What to produce -
In the records below, begin at the line that has "(\<lambda>x. s /" and stop after the line that has "(\<lambda>x. q *"; quote those lines verbatim and nothing more.
----- Input
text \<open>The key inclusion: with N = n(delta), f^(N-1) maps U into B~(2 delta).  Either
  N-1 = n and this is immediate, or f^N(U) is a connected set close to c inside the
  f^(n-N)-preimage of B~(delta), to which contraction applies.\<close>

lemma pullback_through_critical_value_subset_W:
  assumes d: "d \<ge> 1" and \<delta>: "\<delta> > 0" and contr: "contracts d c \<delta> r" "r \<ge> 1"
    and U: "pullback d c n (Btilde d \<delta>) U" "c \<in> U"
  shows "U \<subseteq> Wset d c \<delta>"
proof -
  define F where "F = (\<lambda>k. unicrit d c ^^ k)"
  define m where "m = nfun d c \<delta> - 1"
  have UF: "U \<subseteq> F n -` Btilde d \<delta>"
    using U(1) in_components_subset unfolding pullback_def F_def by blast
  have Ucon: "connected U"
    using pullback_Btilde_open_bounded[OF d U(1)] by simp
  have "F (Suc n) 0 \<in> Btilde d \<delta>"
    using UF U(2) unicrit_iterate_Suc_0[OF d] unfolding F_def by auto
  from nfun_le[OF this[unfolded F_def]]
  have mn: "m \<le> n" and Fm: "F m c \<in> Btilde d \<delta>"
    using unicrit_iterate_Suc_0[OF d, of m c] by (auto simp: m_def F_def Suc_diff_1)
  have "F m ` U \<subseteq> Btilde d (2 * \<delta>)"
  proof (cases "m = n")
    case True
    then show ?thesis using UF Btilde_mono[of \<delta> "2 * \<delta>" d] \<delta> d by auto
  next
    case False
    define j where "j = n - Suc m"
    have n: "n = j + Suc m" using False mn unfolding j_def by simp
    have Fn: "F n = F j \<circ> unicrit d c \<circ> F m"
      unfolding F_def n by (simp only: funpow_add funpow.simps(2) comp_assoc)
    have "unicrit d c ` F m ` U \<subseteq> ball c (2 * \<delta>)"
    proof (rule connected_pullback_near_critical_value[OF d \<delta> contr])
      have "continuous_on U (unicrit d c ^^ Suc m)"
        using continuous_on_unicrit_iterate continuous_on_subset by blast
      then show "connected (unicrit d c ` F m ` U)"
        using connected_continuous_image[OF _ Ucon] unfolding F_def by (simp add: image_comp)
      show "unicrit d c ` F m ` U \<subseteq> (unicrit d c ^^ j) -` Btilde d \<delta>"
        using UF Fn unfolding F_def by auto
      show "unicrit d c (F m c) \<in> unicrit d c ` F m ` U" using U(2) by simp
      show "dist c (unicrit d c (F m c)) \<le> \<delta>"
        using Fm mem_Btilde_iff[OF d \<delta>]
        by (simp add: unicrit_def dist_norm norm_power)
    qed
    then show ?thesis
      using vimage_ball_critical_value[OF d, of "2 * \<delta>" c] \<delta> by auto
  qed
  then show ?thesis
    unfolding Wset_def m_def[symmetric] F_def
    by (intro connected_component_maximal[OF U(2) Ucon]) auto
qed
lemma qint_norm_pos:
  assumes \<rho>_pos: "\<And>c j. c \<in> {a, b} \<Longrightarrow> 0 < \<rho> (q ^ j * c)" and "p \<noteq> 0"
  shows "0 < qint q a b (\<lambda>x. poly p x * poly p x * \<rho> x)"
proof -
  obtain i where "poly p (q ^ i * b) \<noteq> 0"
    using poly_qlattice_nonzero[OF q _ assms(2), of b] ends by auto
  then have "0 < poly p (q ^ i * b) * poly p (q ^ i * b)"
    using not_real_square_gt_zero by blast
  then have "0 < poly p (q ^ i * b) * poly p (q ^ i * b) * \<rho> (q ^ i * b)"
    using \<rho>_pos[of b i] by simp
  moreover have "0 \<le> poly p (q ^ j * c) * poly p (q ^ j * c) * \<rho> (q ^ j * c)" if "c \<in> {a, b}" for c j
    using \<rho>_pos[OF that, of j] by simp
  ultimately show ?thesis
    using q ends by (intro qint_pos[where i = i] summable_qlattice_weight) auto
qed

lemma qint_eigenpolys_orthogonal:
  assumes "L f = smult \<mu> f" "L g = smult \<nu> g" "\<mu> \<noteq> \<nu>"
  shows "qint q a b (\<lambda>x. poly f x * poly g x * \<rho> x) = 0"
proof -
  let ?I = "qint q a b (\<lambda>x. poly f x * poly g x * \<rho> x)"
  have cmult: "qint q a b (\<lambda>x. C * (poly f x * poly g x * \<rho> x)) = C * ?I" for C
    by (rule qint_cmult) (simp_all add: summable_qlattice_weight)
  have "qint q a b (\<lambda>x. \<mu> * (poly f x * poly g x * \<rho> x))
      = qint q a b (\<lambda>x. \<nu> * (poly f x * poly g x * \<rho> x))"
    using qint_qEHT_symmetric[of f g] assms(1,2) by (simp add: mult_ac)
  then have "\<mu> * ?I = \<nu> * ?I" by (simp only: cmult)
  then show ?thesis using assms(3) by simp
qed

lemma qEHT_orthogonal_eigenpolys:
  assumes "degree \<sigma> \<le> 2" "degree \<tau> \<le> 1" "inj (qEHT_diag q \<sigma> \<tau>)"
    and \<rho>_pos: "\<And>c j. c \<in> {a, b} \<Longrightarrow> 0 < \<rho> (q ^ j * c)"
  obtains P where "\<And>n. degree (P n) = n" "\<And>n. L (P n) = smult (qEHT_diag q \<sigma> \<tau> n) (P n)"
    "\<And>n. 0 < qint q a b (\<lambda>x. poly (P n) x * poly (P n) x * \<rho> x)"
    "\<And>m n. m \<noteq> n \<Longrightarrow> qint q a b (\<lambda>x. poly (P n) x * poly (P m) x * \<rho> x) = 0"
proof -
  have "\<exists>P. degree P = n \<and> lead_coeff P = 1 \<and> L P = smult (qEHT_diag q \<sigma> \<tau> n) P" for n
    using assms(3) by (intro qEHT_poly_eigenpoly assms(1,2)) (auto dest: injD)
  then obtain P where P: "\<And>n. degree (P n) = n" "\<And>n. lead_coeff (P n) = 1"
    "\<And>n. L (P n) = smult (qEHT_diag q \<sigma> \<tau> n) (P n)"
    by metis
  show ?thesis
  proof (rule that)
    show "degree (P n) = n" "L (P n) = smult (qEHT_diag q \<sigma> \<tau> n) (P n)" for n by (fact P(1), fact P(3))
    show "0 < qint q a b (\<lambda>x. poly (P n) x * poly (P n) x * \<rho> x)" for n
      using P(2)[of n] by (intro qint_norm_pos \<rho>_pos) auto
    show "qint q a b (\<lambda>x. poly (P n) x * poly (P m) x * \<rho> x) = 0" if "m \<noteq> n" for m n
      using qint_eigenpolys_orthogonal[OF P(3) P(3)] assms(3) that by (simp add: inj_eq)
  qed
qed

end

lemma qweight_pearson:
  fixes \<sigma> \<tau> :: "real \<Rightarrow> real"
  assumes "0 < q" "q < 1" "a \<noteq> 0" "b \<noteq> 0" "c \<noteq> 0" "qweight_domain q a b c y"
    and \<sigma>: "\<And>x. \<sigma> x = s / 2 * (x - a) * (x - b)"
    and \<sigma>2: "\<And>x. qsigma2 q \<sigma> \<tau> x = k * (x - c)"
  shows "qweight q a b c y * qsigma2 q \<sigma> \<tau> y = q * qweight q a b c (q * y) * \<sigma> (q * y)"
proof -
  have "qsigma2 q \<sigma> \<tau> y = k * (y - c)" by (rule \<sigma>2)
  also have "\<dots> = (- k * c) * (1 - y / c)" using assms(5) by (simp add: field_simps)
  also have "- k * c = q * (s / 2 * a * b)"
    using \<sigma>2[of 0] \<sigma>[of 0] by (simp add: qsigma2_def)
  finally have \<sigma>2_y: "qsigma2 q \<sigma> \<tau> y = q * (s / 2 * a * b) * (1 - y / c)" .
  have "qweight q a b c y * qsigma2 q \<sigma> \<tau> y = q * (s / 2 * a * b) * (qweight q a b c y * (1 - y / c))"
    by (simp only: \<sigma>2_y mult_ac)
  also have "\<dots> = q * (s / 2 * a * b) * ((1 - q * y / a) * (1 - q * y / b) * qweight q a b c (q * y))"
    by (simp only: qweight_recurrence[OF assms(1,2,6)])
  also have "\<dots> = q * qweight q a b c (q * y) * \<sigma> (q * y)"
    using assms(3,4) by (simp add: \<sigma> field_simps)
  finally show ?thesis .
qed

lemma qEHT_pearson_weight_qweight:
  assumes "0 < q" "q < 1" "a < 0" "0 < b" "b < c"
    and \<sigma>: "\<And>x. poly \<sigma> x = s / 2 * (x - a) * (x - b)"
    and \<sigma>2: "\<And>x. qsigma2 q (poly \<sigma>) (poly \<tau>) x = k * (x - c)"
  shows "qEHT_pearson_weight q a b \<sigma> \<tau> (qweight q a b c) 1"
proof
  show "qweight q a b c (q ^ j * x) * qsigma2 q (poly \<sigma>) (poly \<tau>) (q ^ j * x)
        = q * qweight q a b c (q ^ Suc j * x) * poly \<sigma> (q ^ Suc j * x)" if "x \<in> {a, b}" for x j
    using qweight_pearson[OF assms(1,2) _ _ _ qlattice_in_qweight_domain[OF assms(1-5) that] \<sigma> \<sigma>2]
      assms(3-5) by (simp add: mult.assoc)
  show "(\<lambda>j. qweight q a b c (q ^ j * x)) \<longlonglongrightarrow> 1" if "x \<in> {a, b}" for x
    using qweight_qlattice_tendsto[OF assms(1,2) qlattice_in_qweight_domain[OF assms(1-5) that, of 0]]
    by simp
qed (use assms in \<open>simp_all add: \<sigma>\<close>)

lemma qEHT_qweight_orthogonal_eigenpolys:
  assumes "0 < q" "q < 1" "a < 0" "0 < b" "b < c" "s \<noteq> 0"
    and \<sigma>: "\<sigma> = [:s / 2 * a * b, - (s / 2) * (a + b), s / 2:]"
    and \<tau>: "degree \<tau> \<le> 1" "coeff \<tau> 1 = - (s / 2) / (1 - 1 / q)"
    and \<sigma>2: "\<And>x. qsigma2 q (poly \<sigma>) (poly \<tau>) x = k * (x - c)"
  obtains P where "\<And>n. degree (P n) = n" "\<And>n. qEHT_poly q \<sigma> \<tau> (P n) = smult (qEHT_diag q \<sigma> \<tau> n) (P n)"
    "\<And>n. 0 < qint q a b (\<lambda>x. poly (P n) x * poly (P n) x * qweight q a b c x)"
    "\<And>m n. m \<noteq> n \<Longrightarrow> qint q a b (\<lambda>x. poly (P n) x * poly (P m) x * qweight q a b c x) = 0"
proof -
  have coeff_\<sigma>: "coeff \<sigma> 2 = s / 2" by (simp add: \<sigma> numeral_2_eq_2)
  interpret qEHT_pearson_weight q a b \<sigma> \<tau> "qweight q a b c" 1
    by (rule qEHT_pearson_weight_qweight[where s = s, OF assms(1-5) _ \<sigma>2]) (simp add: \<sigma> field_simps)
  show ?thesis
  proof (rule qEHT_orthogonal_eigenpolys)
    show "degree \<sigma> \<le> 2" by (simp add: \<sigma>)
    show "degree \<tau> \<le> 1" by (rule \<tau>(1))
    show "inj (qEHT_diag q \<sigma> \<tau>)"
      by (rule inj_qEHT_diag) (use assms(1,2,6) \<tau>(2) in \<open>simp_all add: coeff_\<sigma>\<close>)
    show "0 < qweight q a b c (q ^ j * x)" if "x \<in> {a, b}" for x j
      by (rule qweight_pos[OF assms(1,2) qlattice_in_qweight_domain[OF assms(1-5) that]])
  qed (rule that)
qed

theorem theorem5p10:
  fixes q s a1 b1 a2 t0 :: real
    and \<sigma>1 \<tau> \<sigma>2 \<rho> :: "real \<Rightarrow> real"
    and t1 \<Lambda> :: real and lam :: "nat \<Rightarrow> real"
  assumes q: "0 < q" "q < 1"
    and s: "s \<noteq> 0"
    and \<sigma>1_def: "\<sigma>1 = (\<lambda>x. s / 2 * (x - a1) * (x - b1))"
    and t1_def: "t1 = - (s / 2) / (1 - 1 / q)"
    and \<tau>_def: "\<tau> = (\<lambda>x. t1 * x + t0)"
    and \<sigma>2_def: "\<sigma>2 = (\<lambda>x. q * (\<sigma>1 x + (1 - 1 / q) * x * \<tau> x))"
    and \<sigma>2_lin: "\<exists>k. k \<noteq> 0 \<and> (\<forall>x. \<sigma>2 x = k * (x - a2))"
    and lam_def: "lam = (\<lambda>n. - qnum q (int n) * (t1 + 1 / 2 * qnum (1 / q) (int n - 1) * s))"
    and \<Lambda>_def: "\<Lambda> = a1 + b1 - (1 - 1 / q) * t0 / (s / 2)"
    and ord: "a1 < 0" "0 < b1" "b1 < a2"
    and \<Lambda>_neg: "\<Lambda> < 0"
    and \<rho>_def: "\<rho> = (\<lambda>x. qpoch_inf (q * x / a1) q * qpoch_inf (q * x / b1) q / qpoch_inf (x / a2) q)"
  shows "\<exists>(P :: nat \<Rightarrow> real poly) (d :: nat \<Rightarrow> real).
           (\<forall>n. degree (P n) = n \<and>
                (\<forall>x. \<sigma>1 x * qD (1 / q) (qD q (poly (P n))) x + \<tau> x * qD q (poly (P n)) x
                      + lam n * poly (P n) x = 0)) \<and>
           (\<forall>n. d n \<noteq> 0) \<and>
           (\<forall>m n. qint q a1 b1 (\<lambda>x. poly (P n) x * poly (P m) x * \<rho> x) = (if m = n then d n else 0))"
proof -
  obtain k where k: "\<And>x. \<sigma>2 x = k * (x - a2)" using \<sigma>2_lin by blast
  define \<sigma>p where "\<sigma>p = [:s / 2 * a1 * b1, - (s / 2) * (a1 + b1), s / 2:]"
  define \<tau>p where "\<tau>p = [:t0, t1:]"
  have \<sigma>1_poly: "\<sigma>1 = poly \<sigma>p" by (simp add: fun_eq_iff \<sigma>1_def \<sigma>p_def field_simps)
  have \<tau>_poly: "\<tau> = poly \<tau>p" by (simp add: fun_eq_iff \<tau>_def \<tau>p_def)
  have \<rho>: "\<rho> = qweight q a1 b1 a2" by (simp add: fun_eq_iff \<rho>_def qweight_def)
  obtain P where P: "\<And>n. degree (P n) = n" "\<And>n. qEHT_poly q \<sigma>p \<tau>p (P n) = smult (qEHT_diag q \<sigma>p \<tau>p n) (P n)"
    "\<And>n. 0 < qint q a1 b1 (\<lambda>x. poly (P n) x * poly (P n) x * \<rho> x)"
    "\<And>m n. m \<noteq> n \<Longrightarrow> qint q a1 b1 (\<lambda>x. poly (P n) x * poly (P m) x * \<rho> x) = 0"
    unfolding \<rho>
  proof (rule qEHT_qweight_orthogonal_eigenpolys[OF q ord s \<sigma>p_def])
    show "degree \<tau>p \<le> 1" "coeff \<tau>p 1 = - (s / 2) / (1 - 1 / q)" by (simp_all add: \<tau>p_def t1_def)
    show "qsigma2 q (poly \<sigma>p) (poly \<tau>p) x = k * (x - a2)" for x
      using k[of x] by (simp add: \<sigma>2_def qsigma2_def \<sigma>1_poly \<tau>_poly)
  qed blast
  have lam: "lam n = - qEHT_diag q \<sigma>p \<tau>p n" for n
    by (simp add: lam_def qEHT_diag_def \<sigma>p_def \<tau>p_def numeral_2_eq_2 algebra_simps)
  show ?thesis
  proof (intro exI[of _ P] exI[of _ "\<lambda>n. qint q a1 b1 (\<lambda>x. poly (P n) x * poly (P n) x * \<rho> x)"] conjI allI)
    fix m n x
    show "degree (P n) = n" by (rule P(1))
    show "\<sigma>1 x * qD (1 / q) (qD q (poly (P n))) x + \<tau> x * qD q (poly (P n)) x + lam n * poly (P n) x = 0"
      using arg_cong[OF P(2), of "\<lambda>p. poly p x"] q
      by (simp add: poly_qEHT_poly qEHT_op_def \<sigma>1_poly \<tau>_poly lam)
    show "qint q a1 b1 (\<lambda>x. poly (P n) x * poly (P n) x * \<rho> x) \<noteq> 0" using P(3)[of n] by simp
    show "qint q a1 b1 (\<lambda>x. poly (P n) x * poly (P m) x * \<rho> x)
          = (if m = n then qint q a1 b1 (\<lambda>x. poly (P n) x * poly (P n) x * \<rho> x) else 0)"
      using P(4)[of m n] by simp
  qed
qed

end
----------
Solution for this task -
    and \<sigma>1_def: "\<sigma>1 = (\<lambda>x. s / 2 * (x - a1) * (x - b1))"
    and t1_def: "t1 = - (s / 2) / (1 - 1 / q)"
    and \<tau>_def: "\<tau> = (\<lambda>x. t1 * x + t0)"
    and \<sigma>2_def: "\<sigma>2 = (\<lambda>x. q * (\<sigma>1 x + (1 - 1 / q) * x * \<tau> x))"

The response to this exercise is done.